Ориентация французской науки на практические нужды диктовалась еще и военной необходимостью для страны, терявшей мужское население в постоянных войнах и продолжавшей сражаться практически со всей Европой. Но не менее важную роль в этой ориентации играли идеалы Просвещения. Достаточно вспомнить, что в своих философских письмах Вольтер прямо высказывается против чрезмерно теоретического и абстрактного знания: «Быть может, то, что делает всего больше чести человеческому уму, часто бывает меньше всего полезным… Относится это почти ко всем искусствам без исключения: существует предел, за которым исследования производятся только из любопытства: эти остроумные и бесполезные истины подобны звездам, расположенным чересчур далеко от нас и потому не дающим нам света». Заметим, что именно интерес лишь к источникам света, а не к звездам в определенном смысле и привел впоследствии к отставанию французской науки.

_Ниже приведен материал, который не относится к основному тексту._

text \<open>The payoffs truncated after N and N + 1 events differ only when the customer is still
  present after N events.\<close>

lemma payoff_increment_le:
  "1 \<le> pos \<Longrightarrow> pos = current_pos start h \<Longrightarrow>
   \<bar>payoff (Suc N) \<sigma> A h pos - payoff N \<sigma> A h pos\<bar> \<le> (cost + r) * survival \<sigma> A p q N h pos"
proof (induction N arbitrary: h pos)
  case 0
  have "event_value p q (- cost) r (payoff 0 \<sigma> A) h pos x \<in> {- cost, q * r - cost}" for x
    by (auto simp: event_value_def Let_def case_prod_beta)
  moreover have "0 \<le> q * r" "q * r \<le> r"
    using r_pos q_pos q_less_1 by (simp_all add: mult_left_le_one_le)
  ultimately have "\<bar>event_value p q (- cost) r (payoff 0 \<sigma> A) h pos x\<bar> \<le> cost + r" for x
    using cost_pos by (smt (verit) insert_iff empty_iff)
  then have "\<bar>payoff 1 \<sigma> A h pos\<bar> \<le> cost + r"
    unfolding One_nat_def payoff_Suc by (rule abs_step_value_le_const[OF bounded_value_payoff])
  then show ?case by (cases "\<sigma> h") (simp_all add: payoff_Suc[of 0] step_value_def)
next
  case (Suc N)
  define \<Delta> where "\<Delta> = (\<lambda>h pos. payoff (Suc N) \<sigma> A h pos - payoff N \<sigma> A h pos)"
  define G where "G = (\<lambda>h pos. (cost + r) * survival \<sigma> A p q N h pos)"
  have "payoff (Suc (Suc N)) \<sigma> A h pos - payoff (Suc N) \<sigma> A h pos = step_value \<sigma> A p q 0 0 \<Delta> h pos"
    using payoff_Suc[of "Suc N" \<sigma> A h pos] payoff_Suc[of N \<sigma> A h pos]
      step_value_diff[OF bounded_value_payoff[of "Suc N" \<sigma> A] bounded_value_payoff[of N \<sigma> A],
        where \<sigma>=\<sigma> and A=A and a="- cost" and R=r and a'="- cost" and R'=r and h=h and pos=pos]
    unfolding \<Delta>_def[symmetric] by simp
  moreover have "\<bar>step_value \<sigma> A p q 0 0 \<Delta> h pos\<bar> \<le> step_value \<sigma> A p q 0 0 G h pos"
  proof (rule abs_step_value_le[where start=start])
    show "bounded_value \<Delta>" "bounded_value G"
      unfolding \<Delta>_def G_def
      by (intro bounded_value_diff bounded_value_cmult bounded_value_payoff bounded_value_survival)+
  qed (use p_pos q_pos Suc in \<open>auto simp: \<Delta>_def G_def\<close>)
  moreover have "step_value \<sigma> A p q 0 0 G h pos = (cost + r) * survival \<sigma> A p q (Suc N) h pos"
    using step_value_cmult[of \<sigma> A p q "cost + r" 0 0] by (simp add: G_def)
  ultimately show ?case by simp
qed

lemma payoff_convergent:
  assumes "summable (\<lambda>N. survival \<sigma> A p q N h pos)" "1 \<le> pos" "pos = current_pos start h"
  shows "convergent (\<lambda>N. payoff N \<sigma> A h pos)"
proof -
  have "summable (\<lambda>N. payoff (Suc N) \<sigma> A h pos - payoff N \<sigma> A h pos)"
  proof (rule summable_comparison_test')
    show "summable (\<lambda>N. (cost + r) * survival \<sigma> A p q N h pos)"
      using assms(1) by (rule summable_mult)
    show "norm (payoff (Suc N) \<sigma> A h pos - payoff N \<sigma> A h pos) \<le> (cost + r) * survival \<sigma> A p q N h pos"
      for N using payoff_increment_le[OF assms(2,3)] by simp
  qed
  then show ?thesis
    by (simp add: summable_iff_convergent sum_lessThan_telescope[of "\<lambda>N. payoff N \<sigma> A h pos"])
qed

end

locale threshold_customer = tagged_customer +
  fixes n :: nat
  assumes n_pos: "1 \<le> n"
begin

abbreviation renege :: "nat \<Rightarrow> tstrategy" where
  "renege \<equiv> threshold_strategy n"

lemma survival_threshold_n_le:
  assumes "1 \<le> pos" "pos = current_pos start h"
  shows "survival (renege start) A p q n h pos \<le> 1 - q ^ n"
proof (cases "n < pos")
  case True
  then show ?thesis
    using assms q_pos q_less_1 by (simp add: survival_reneged threshold_strategy_def power_le_one)
next
  case False
  then have "survival (renege start) A p q n h pos \<le> 1 - q ^ pos"
    using survival_le_one_minus_power p_pos q_pos p_plus_q assms by simp
  moreover have "q ^ n \<le> q ^ pos"
    using False assms q_pos q_less_1 by (intro power_decreasing) auto
  ultimately show ?thesis by simp
qed

lemma survival_threshold_add:
  "1 \<le> pos \<Longrightarrow> pos = current_pos start h \<Longrightarrow>
   survival (renege start) A p q (a + n) h pos \<le> (1 - q ^ n) * survival (renege start) A p q a h pos"
proof (induction a arbitrary: h pos)
  case 0
  then show ?case
    using survival_threshold_n_le[OF 0] by (cases "renege start h") (simp_all add: survival_reneged)
next
  case (Suc a)
  have "survival (renege start) A p q (Suc a + n) h pos =
      step_value (renege start) A p q 0 0 (survival (renege start) A p q (a + n)) h pos"
    by simp
  also have "\<dots> \<le> step_value (renege start) A p q 0 0
      (\<lambda>h pos. (1 - q ^ n) * survival (renege start) A p q a h pos) h pos"
    by (rule step_value_mono[where start=start])
      (use p_pos q_pos Suc in \<open>auto intro: bounded_value_survival bounded_value_cmult\<close>)
  also have "\<dots> = (1 - q ^ n) * survival (renege start) A p q (Suc a) h pos"
    using step_value_cmult[of "renege start" A p q "1 - q ^ n" 0 0] by simp
  finally show ?case .
qed
lemma C2_test_radial:
  fixes z :: "'a::euclidean_space" and F F' F'' :: "real \<Rightarrow> real"
  assumes dF: "\<And>t. DERIV F t :> F' t" and dF': "\<And>t. DERIV F' t :> F'' t"
    and cF'': "continuous_on UNIV F''"
  shows "C2_test S (\<lambda>x. F ((x-z)\<bullet>(x-z))) (\<lambda>x. (2 * F' ((x-z)\<bullet>(x-z))) *\<^sub>R (x - z))
           (\<lambda>x h. (2 * F' ((x-z)\<bullet>(x-z))) *\<^sub>R h + (4 * F'' ((x-z)\<bullet>(x-z)) * ((x-z)\<bullet>h)) *\<^sub>R (x - z))"
  unfolding C2_test_def
proof (intro conjI ballI allI)
  fix x assume "x \<in> S"
  show "((\<lambda>x. F ((x-z)\<bullet>(x-z))) has_derivative (\<lambda>h. ((2 * F' ((x-z)\<bullet>(x-z))) *\<^sub>R (x - z)) \<bullet> h))
      (at x within S)"
    by (rule has_derivative_eq_rhs[OF DERIV_compose_FDERIV[OF dF has_derivative_inner_self_diff]])
      (auto simp: algebra_simps)
next
  fix x assume "x \<in> S"
  have "((\<lambda>x. 2 * F' ((x-z)\<bullet>(x-z))) has_derivative (\<lambda>h. 2 * (2 * ((x - z) \<bullet> h) * F'' ((x-z)\<bullet>(x-z)))))
      (at x within S)"
    by (intro has_derivative_mult_right DERIV_compose_FDERIV[OF dF' has_derivative_inner_self_diff])
  moreover have "((\<lambda>x. x - z) has_derivative (\<lambda>h. h)) (at x within S)"
    by (auto intro!: derivative_eq_intros)
  ultimately show "((\<lambda>x. (2 * F' ((x-z)\<bullet>(x-z))) *\<^sub>R (x - z)) has_derivative
     (\<lambda>h. (2 * F' ((x-z)\<bullet>(x-z))) *\<^sub>R h + (4 * F'' ((x-z)\<bullet>(x-z)) * ((x-z)\<bullet>h)) *\<^sub>R (x - z)))
     (at x within S)"
    by (rule has_derivative_eq_rhs[OF has_derivative_scaleR]) (auto simp: algebra_simps)
next
  fix h
  have "continuous_on UNIV F'"
    using dF' by (meson DERIV_isCont continuous_at_imp_continuous_on)
  then have "continuous_on S (\<lambda>x. F' ((x-z)\<bullet>(x-z)))"
    by (rule continuous_on_compose2) (auto intro!: continuous_intros)
  moreover have "continuous_on S (\<lambda>x. F'' ((x-z)\<bullet>(x-z)))"
    by (rule continuous_on_compose2[OF cF'']) (auto intro!: continuous_intros)
  ultimately show "continuous_on S
      (\<lambda>x. (2 * F' ((x-z)\<bullet>(x-z))) *\<^sub>R h + (4 * F'' ((x-z)\<bullet>(x-z)) * ((x-z)\<bullet>h)) *\<^sub>R (x - z))"
    by (intro continuous_intros)
qed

Но в начале XIX века результаты были удивительны: во вновь образованных высших школах работали самые сильные математики Франции, на основе лекций, прочитанных в Политехнической школе, составлялись наиболее популярные учебники по математике (некоторые из них сохранили свое значение и до сегодняшнего дня). Не менее четверти всех курсов занимали теоретические предметы. Наполеон, узнав о слишком большой занятости высшей школы конкретными военными проблемами, призвал не убивать курицу, несущую золотые яйца, и военное дело потеснилось перед точными науками.

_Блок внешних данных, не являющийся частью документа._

text \<open>The signed Verlinde algebra V_q (q = exp(i pi/r)) realised as Q[X]/(U_(r-1)):
  its carrier is the set of rational polynomials of degree < r - 1 (reduced representatives).\<close>
definition Vcarrier :: "nat \<Rightarrow> rat poly set" where
  "Vcarrier r = {p. p = 0 \<or> degree p < r - 1}"

definition Vmult :: "nat \<Rightarrow> rat poly \<Rightarrow> rat poly \<Rightarrow> rat poly" where
  "Vmult r a b = (a * b) mod Ucheb (r - 1)"

definition Vone :: "nat \<Rightarrow> rat poly" where
  "Vone r = 1 mod Ucheb (r - 1)"

text \<open>Basis element e_n (corresponds to U_n under X \<mapsto> e_1).\<close>
definition Ve :: "nat \<Rightarrow> nat \<Rightarrow> rat poly" where
  "Ve r n = Ucheb n mod Ucheb (r - 1)"

definition Vcoord :: "nat \<Rightarrow> rat poly \<Rightarrow> nat \<Rightarrow> rat" where
  "Vcoord r f = (THE c. (\<forall>n\<ge>r - 1. c n = 0) \<and> f = (\<Sum>n<r - 1. smult (c n) (Ve r n)))"

definition Veta :: "nat \<Rightarrow> rat poly \<Rightarrow> rat poly \<Rightarrow> rat" where
  "Veta r f g = (\<Sum>n<r - 1. (-1) ^ n * Vcoord r f n * Vcoord r g n)"

definition Vcounit :: "nat \<Rightarrow> rat poly \<Rightarrow> rat" where
  "Vcounit r f = Veta r f (Ve r 0)"

definition VOmega :: "nat \<Rightarrow> rat poly" where
  "VOmega r = (\<Sum>n<r - 1. smult ((-1) ^ n) (Vmult r (Ve r n) (Ve r n)))"

definition Vtrace :: "nat \<Rightarrow> rat poly \<Rightarrow> rat" where
  "Vtrace r a = (\<Sum>n<r - 1. Vcoord r (Vmult r a (Ve r n)) n)"

fun Vpow :: "nat \<Rightarrow> rat poly \<Rightarrow> nat \<Rightarrow> rat poly" where
  "Vpow r a 0 = Vone r"
| "Vpow r a (Suc n) = Vmult r a (Vpow r a n)"

definition Vinv :: "nat \<Rightarrow> rat poly \<Rightarrow> rat poly" where
  "Vinv r a = (THE b. b \<in> Vcarrier r \<and> Vmult r a b = Vone r)"

definition Vzpow :: "nat \<Rightarrow> rat poly \<Rightarrow> int \<Rightarrow> rat poly" where
  "Vzpow r a k = (if k \<ge> 0 then Vpow r a (nat k) else Vpow r (Vinv r a) (nat (- k)))"

definition Vplus :: "nat \<Rightarrow> rat poly set" where
  "Vplus r = {f \<in> Vcarrier r. \<forall>n. odd n \<longrightarrow> Vcoord r f n = 0}"

definition is_embedding_on :: "nat \<Rightarrow> rat poly set \<Rightarrow> (rat poly \<Rightarrow> complex) \<Rightarrow> bool" where
  "is_embedding_on r S \<phi> \<longleftrightarrow>
     \<phi> (Vone r) = 1 \<and>
     (\<forall>a\<in>S. \<forall>b\<in>S. \<phi> (a + b) = \<phi> a + \<phi> b) \<and>
     (\<forall>a\<in>S. \<forall>b\<in>S. \<phi> (Vmult r a b) = \<phi> a * \<phi> b) \<and>
     (\<forall>c. \<forall>a\<in>S. \<phi> (smult c a) = of_rat c * \<phi> a)"

definition Veval :: "complex \<Rightarrow> rat poly \<Rightarrow> complex" where
  "Veval z f = poly (map_poly of_rat f) z"

end

theory Submission
  imports Defs
begin

(* Substituting X = 2i cos x gives sin x * U_n(X) = i^n sin((n + 1) x), so the nodes
   z_k = 2i cos(k pi / r), k = 1..r-1, are the r - 1 distinct roots of U_(r-1) and evaluation at
   them identifies V_q with C^(r-1). Discrete orthogonality of the sines sin(a k pi / r) turns into
   sum_k U_m(z_k) U_n(z_k) / Omega(z_k) = (-1)^n delta_mn, where Omega(z_k) = r / (2 sin^2(k pi / r)).
   This determines the coordinates in the basis (e_n): eps(f) = sum_k f(z_k) / Omega(z_k) and
   tr(f) = sum_k f(z_k), so both sides of the identity equal sum_k Omega(z_k)^(g-1).
   An embedding is determined by the image z of e_1 (on V_q^+, by a square root z of the image of
   e_1^2); comparing the images of e_1^(r-1) and of its reduction modulo U_(r-1) shows U_(r-1)(z) = 0,
   so z is a node, and z^2 = -4 cos^2(k pi / r) is real. *)

section \<open>Chebyshev polynomials\<close>

lemma Ucheb_monic:
  "degree (Ucheb n :: 'a::{comm_ring_1,ring_no_zero_divisors} poly) = n \<and> coeff (Ucheb n :: 'a poly) n = 1"
proof (induction n rule: Ucheb.induct)
  case (3 n)
  have "degree (pCons 0 (Ucheb (Suc n)) :: 'a poly) = Suc (Suc n)"
    using 3 by (auto simp: degree_pCons_eq_if)
  then show ?case
    using 3 by (simp add: degree_add_eq_left coeff_eq_0)
qed auto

Традиция вверять власть ученым отчасти продолжилась — высшее чиновничество Франции, как правило, составляли (и составляют) выпускники созданных в конце XVIII — начале XIX века Политехнической и Нормальной школ. В этом контексте знаменательна разница в образовании и материальном положении двух современников — французского ученого Гей-Люссака и английского Дэви.

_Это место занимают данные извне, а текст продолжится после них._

(* Let $0\le\lambda<\gamma\le\delta$ and let $\mathfrak{f}=\mathfrak{s}+\overline{\mathfrak{t}}\in\mathcal{R}_H^0(\gamma,\delta,\lambda)$ with $\mathfrak{s}(z)=z+\sum_{m\ge2}a_mz^m$, $\mathfrak{t}(z)=\sum_{m\ge2}b_mz^m$. Then for every $m\ge2$: (i) $|a_m|+|b_m|\le\frac{4(\gamma-\lambda)}{m^2[2\gamma+(\delta-\gamma)(m-1)]}$; (ii) $\big||a_m|-|b_m|\big|\le\frac{4(\gamma-\lambda)}{m^2[2\gamma+(\delta-\gamma)(m-1)]}$; (iii) $|a_m|\le\frac{4(\gamma-\lambda)}{m^2[2\gamma+(\delta-\gamma)(m-1)]}$. All these results are sharp, with equality in each for the function $\mathfrak{f}(z)=z+\sum_{m\ge2}\frac{4(\gamma-\lambda)}{m^2[2\gamma+(\delta-\gamma)(m-1)]}z^m$.
   Context: Let $\mathcal{U}=\{z\in\mathbb{C}:|z|<1\}$. $\mathcal{H}^0$ denotes the class of complex-valued harmonic functions $\mathfrak{f}=\mathfrak{s}+\overline{\mathfrak{t}}$ on $\mathcal{U}$, where $\mathfrak{s}(z)=z+\sum_{m\ge2}a_mz^m$ and $\mathfrak{t}(z)=\sum_{m\ge2}b_mz^m$ are analytic in $\mathcal{U}$. For real $0\le\lambda<\gamma\le\delta$, $\mathcal{R}_H^0(\gamma,\delta,\lambda)$ is the class of $\mathfrak{f}=\mathfrak{s}+\overline{\mathfrak{t}}\in\mathcal{H}^0$ such that for all $z\in\mathcal{U}$, $\mathrm{Re}\left[\gamma\mathfrak{s}'(z)+\delta z\mathfrak{s}''(z)+\frac{\delta-\gamma}{2}z^2\mathfrak{s}'''(z)-\lambda\right]>\left|\gamma\mathfrak{t}'(z)+\delta z\mathfrak{t}''(z)+\frac{\delta-\gamma}{2}z^2\mathfrak{t}'''(z)\right|$. *)

theory Defs
  imports "HOL-Complex_Analysis.Complex_Analysis"
begin

definition tcoeff :: "(complex \<Rightarrow> complex) \<Rightarrow> nat \<Rightarrow> complex" where
  "tcoeff f m = (deriv ^^ m) f 0 / of_nat (fact m)"

definition Lop :: "real \<Rightarrow> real \<Rightarrow> (complex \<Rightarrow> complex) \<Rightarrow> complex \<Rightarrow> complex" where
  "Lop \<gamma> \<delta> f z = of_real \<gamma> * deriv f z + of_real \<delta> * z * (deriv ^^ 2) f z
      + of_real ((\<delta> - \<gamma>) / 2) * z^2 * (deriv ^^ 3) f z"

definition H0 :: "(complex \<Rightarrow> complex) \<Rightarrow> (complex \<Rightarrow> complex) \<Rightarrow> bool" where
  "H0 s t \<longleftrightarrow> s holomorphic_on ball 0 1 \<and> t holomorphic_on ball 0 1 \<and>
      s 0 = 0 \<and> deriv s 0 = 1 \<and> t 0 = 0 \<and> deriv t 0 = 0"

text \<open>Class R_H^0(gamma, delta, lambda), with f = s + conj t represented by the pair (s,t).\<close>
definition RH0 :: "real \<Rightarrow> real \<Rightarrow> real \<Rightarrow> (complex \<Rightarrow> complex) \<Rightarrow> (complex \<Rightarrow> complex) \<Rightarrow> bool" where
  "RH0 \<gamma> \<delta> lam s t \<longleftrightarrow> H0 s t \<and>
     (\<forall>z\<in>ball 0 1. Re (Lop \<gamma> \<delta> s z - of_real lam) > norm (Lop \<gamma> \<delta> t z))"

end

theory Submission
  imports Defs
begin

(* The k-th Taylor coefficient of Lop s is Lop_weight (k + 1) * a_(k+1), and
   4 (gamma - lam) / (m^2 (2 gamma + (delta - gamma)(m - 1))) = 2 (gamma - lam) / Lop_weight m.
   For |eps| <= 1 the function g = Lop s - lam + eps * Lop t has nonnegative real part on the
   disc and g 0 = gamma - lam, so Caratheodory's bound |c_k| <= 2 Re (g 0) gives
   Lop_weight m * |a_m + eps b_m| <= 2 (gamma - lam); the rotation eps aligning eps b_m with a_m
   turns this into |a_m| + |b_m| <= B m.  Equality holds for the s with
   Lop s = lam + (gamma - lam)(1 + z)/(1 - z), the Cayley map onto the half-plane Re > lam,
   whose Taylor coefficients are gamma, 2 (gamma - lam), 2 (gamma - lam), ... *)

lemma tcoeff_sums:
  assumes "g holomorphic_on ball 0 r" "z \<in> ball 0 r"
  shows "(\<lambda>n. tcoeff g n * z ^ n) sums g z"
  using holomorphic_power_series[OF assms] by (simp add: tcoeff_def)

lemma
  assumes r: "0 < r" and sums: "\<And>z. z \<in> ball 0 r \<Longrightarrow> (\<lambda>n. c n * z ^ n) sums f z"
  shows holomorphic_on_power_series: "f holomorphic_on ball 0 r"
    and tcoeff_power_series: "tcoeff f n = c n"
proof -
  show "f holomorphic_on ball 0 r"
    using sums by (intro power_series_holomorphic[of 0]) simp
  define F where "F = Abs_fps c"
  have "fps_conv_radius F \<ge> r"
    unfolding fps_conv_radius_def F_def fps_nth_Abs_fps
  proof (rule conv_radius_geI_ex)
    fix \<rho> :: real assume "0 < \<rho>" "ereal \<rho> < r"
    then show "\<exists>z. norm z = \<rho> \<and> summable (\<lambda>n. c n * z ^ n)"
      by (intro exI[of _ "of_real \<rho>"]) (auto intro: sums_summable[OF sums])
  qed
  then have "0 < fps_conv_radius F"
    using r by (metis ereal_less(2) order.strict_trans2)
  moreover have "\<forall>\<^sub>F z in nhds 0. z \<in> ball 0 r"
    using r by (intro eventually_nhds_in_open) auto
  then have "\<forall>\<^sub>F z in nhds 0. eval_fps F z = f z"
    by eventually_elim (auto simp: eval_fps_def F_def sums_unique[OF sums])
  ultimately have "f has_fps_expansion F"
    using eval_fps_has_fps_expansion has_fps_expansion_cong by blast
  from fps_nth_fps_expansion[OF this, of n] show "tcoeff f n = c n"
    by (simp add: tcoeff_def F_def)
qed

Гей-Люссак, выпускник Политехнической школы 1797 года, был одним из первых ученых, обеспечивавших свое существование научной работой. Ученик и помощник французского химика Бертолле, он стал в тридцать один год профессором факультета естествознания Парижского университета. (В 1808 году Гей-Люссак открыл закон кратных отношений объемов для газов, известна его работа по открытию вещества йода.)
Гей-Люссак был именно профессионалом, причем его профессионализм не ограничивался лишь научной и преподавательской деятельностью. Как выпускник Политехнической школы он был способным инженером (известны его изобретения, использованные в промышленности), он участвовал и в политической жизни страны, будучи депутатом Национального собрания, а затем пэром Франции. Конечно, карьера Гей-Люссака — уникальный образец как социального, так и научного успеха, но сама фигура обладающего политической властью ученого-профессионала, получившего профессиональное же образование, сочетающего теоретическую научную деятельность с преподаванием и практическим внедрением своих научных достижений, типична для науки Франции.
Судьба X. Дэви — это тоже путь успеха, но путь этот начался, да и протекал совершенно по-другому. Вместо профессионального образования — учеба в качестве ученика аптекаря, затем работа помощником у химика Т. Беддоса, занимавшегося выяснением физиологического действия газов на заболевания дыхательных путей. На этой работе Дэви составил себе имя и там же впервые занялся проблемами химического действия электрического тока, которые и принесли ему мировую славу. Процесс обучения Дэви был очень коротким и, в отличие от Гей-Люссака, ему, первому ученому Англии, средства к существованию доставляли публичные лекции, а не собственно научные труды, не подготовка будущих химиков, возможных преемников, способных создать школу. Не удивительно, что таких и не оказалось. Школы после Дэви не осталось.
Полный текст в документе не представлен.